Could you please return each line of the data that has the word "Inner"?

== EXERCISE INPUTS

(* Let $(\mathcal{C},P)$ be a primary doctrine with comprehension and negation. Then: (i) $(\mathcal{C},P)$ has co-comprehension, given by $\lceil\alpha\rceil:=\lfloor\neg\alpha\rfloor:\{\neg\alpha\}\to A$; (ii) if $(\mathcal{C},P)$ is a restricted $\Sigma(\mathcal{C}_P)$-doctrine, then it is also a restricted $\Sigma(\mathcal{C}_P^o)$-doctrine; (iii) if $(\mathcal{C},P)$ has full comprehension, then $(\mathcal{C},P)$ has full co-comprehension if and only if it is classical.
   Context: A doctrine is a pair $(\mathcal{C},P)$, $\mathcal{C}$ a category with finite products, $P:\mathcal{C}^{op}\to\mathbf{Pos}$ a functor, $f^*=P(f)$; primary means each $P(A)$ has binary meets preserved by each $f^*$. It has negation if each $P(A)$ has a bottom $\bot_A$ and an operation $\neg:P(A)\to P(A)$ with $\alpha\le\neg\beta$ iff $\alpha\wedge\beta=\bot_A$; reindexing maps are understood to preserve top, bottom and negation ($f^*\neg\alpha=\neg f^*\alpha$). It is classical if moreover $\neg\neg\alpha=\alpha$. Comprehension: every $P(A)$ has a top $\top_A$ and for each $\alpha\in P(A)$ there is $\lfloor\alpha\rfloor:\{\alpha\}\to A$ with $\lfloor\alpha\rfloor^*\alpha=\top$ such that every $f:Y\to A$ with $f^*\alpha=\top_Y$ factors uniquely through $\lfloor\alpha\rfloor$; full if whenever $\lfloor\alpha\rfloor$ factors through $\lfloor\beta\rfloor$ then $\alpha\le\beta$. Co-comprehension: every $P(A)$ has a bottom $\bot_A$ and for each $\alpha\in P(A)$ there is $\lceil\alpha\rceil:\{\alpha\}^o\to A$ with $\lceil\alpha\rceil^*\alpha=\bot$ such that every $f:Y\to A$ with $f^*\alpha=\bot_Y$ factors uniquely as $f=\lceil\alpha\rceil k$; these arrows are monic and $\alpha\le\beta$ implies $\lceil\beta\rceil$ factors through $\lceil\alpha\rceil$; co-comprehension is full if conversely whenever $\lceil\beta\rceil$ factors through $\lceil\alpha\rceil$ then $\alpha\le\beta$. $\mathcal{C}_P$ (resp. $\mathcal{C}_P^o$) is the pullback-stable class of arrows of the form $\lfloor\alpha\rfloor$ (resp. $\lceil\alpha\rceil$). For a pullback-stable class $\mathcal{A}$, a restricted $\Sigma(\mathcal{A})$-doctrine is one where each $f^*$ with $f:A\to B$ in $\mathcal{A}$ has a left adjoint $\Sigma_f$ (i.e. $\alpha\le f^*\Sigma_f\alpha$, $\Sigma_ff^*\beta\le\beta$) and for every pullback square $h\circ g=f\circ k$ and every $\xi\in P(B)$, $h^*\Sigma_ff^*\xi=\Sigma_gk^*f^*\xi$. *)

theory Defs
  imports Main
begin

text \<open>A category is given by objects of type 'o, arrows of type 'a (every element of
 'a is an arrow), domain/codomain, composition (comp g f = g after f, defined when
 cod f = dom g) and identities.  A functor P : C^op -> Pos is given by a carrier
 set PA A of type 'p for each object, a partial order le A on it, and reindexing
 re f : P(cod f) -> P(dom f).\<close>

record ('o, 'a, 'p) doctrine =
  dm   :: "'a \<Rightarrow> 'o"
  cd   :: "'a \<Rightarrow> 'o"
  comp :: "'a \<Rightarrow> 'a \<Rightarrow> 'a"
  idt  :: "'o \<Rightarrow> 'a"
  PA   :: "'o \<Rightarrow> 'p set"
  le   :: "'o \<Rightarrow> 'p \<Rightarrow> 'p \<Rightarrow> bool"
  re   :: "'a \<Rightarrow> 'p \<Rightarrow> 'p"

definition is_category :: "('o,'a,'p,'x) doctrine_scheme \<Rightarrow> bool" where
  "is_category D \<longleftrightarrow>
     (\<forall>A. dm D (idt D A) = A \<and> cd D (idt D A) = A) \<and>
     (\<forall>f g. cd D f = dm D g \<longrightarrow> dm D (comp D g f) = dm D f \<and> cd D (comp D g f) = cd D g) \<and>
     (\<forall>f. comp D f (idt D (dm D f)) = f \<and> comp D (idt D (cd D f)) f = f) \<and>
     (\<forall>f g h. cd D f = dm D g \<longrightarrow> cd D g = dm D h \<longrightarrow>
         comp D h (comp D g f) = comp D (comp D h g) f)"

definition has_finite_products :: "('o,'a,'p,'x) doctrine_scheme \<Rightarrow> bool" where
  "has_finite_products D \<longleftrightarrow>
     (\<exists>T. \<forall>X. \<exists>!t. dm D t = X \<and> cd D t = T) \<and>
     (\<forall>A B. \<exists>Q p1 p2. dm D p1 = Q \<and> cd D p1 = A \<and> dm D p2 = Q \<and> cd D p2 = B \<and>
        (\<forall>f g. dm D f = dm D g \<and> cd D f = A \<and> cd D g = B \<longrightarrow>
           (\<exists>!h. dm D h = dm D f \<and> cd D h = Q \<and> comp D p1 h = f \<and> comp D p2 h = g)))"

====
== EXERCISE INPUTS

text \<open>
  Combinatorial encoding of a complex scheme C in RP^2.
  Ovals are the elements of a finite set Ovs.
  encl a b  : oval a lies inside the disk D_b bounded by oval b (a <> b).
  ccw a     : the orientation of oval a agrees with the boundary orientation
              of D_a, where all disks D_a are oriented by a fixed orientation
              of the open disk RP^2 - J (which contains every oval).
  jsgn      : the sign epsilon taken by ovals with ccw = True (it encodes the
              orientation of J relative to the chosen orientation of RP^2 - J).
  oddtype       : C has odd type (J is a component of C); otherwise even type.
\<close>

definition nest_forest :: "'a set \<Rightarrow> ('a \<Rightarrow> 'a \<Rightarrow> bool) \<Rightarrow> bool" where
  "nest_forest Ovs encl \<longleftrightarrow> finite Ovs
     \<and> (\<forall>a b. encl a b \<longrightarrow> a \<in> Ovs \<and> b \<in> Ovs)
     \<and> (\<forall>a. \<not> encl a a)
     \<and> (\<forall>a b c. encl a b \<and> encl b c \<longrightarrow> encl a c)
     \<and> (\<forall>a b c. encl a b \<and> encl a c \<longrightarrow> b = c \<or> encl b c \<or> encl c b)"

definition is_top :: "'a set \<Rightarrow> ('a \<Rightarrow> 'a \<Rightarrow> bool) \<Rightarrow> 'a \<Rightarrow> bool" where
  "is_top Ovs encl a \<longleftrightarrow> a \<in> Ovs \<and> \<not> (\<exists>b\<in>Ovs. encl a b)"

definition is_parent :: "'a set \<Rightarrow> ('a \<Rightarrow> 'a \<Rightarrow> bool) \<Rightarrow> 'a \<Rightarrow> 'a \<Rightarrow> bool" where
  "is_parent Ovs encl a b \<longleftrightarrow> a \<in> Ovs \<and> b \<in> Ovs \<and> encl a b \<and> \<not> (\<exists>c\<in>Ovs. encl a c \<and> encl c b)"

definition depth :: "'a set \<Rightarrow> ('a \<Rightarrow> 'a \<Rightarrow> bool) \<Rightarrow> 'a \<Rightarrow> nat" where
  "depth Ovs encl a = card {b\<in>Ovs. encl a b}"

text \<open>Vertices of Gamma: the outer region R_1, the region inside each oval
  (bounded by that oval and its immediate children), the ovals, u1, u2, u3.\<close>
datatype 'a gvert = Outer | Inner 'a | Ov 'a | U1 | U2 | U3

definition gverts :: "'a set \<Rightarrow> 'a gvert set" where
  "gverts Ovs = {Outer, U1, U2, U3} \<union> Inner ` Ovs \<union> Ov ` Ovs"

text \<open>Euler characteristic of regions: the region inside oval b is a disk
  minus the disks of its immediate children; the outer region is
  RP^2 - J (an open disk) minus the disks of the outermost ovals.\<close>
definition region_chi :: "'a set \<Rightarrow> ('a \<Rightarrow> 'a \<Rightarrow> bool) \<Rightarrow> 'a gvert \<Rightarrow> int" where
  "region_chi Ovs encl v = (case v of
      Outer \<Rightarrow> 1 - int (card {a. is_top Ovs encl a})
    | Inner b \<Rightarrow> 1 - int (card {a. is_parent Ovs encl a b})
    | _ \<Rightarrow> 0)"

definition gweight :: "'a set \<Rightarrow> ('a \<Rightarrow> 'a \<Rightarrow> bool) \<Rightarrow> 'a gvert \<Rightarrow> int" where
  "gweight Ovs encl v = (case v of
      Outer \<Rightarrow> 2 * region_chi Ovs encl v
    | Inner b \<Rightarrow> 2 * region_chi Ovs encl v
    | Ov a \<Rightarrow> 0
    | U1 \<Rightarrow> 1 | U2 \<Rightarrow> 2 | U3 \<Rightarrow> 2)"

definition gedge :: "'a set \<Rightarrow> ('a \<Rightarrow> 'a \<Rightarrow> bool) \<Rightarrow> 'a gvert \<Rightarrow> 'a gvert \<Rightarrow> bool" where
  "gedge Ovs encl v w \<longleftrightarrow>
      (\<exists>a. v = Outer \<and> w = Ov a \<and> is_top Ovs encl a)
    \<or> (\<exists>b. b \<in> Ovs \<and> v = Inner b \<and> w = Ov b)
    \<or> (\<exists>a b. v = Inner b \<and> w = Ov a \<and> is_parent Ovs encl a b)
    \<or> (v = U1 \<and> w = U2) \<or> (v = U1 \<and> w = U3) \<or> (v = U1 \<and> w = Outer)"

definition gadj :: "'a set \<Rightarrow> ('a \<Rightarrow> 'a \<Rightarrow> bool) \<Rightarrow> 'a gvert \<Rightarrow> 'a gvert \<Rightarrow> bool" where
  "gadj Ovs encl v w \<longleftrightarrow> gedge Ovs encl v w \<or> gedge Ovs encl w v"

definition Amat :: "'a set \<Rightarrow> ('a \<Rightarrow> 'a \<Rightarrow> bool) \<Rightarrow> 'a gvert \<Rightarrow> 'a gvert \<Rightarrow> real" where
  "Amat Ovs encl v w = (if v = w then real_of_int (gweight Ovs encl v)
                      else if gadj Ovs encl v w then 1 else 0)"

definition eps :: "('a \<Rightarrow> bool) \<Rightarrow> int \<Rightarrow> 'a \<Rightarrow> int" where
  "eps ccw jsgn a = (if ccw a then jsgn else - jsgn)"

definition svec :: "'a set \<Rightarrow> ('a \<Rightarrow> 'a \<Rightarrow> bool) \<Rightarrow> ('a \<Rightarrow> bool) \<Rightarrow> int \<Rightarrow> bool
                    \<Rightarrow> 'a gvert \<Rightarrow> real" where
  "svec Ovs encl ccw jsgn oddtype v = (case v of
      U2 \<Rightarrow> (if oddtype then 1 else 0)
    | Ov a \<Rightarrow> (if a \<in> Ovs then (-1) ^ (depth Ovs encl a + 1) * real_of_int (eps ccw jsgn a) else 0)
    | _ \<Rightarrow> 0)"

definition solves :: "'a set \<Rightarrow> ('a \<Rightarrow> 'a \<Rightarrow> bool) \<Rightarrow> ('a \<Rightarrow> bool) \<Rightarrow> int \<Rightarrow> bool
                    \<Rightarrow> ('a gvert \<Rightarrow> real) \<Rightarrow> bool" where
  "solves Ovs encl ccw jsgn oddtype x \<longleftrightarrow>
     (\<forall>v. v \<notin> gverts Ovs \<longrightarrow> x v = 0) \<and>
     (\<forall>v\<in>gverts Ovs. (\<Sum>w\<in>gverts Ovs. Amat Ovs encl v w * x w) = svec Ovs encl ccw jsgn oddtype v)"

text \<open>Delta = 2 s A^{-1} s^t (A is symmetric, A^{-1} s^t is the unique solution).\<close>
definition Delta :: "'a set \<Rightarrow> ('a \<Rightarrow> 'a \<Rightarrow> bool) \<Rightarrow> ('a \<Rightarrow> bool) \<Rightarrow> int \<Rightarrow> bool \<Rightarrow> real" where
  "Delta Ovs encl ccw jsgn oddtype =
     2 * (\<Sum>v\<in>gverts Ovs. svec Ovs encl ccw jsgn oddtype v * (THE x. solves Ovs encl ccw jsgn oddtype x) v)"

====
== EXERCISE INPUTS

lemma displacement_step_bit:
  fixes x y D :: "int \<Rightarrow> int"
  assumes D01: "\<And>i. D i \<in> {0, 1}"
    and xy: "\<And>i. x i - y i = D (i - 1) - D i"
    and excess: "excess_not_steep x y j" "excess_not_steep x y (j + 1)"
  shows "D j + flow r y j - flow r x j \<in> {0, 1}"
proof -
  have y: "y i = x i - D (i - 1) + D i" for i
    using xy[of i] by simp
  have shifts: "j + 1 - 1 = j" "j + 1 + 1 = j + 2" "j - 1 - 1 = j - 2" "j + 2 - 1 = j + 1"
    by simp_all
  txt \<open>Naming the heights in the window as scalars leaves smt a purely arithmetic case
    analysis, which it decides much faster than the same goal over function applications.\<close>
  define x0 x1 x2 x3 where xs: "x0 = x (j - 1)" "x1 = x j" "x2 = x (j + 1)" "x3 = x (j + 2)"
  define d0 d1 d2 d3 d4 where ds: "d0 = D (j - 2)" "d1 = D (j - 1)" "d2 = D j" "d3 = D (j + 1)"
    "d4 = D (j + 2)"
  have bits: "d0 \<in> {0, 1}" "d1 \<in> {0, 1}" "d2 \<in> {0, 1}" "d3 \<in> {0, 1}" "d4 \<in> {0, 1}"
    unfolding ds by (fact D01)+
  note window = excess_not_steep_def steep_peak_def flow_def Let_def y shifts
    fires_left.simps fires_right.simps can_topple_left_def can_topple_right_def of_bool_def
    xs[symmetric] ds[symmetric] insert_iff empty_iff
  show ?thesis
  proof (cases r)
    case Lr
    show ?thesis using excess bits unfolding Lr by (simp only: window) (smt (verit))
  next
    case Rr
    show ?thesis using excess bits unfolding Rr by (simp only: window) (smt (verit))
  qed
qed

====

EXERCISE ANSWER –
datatype 'a gvert = Outer | Inner 'a | Ov 'a | U1 | U2 | U3
  "gverts Ovs = {Outer, U1, U2, U3} \<union> Inner ` Ovs \<union> Ov ` Ovs"
    | Inner b \<Rightarrow> 1 - int (card {a. is_parent Ovs encl a b})
    | Inner b \<Rightarrow> 2 * region_chi Ovs encl v
    \<or> (\<exists>b. b \<in> Ovs \<and> v = Inner b \<and> w = Ov b)
    \<or> (\<exists>a b. v = Inner b \<and> w = Ov a \<and> is_parent Ovs encl a b)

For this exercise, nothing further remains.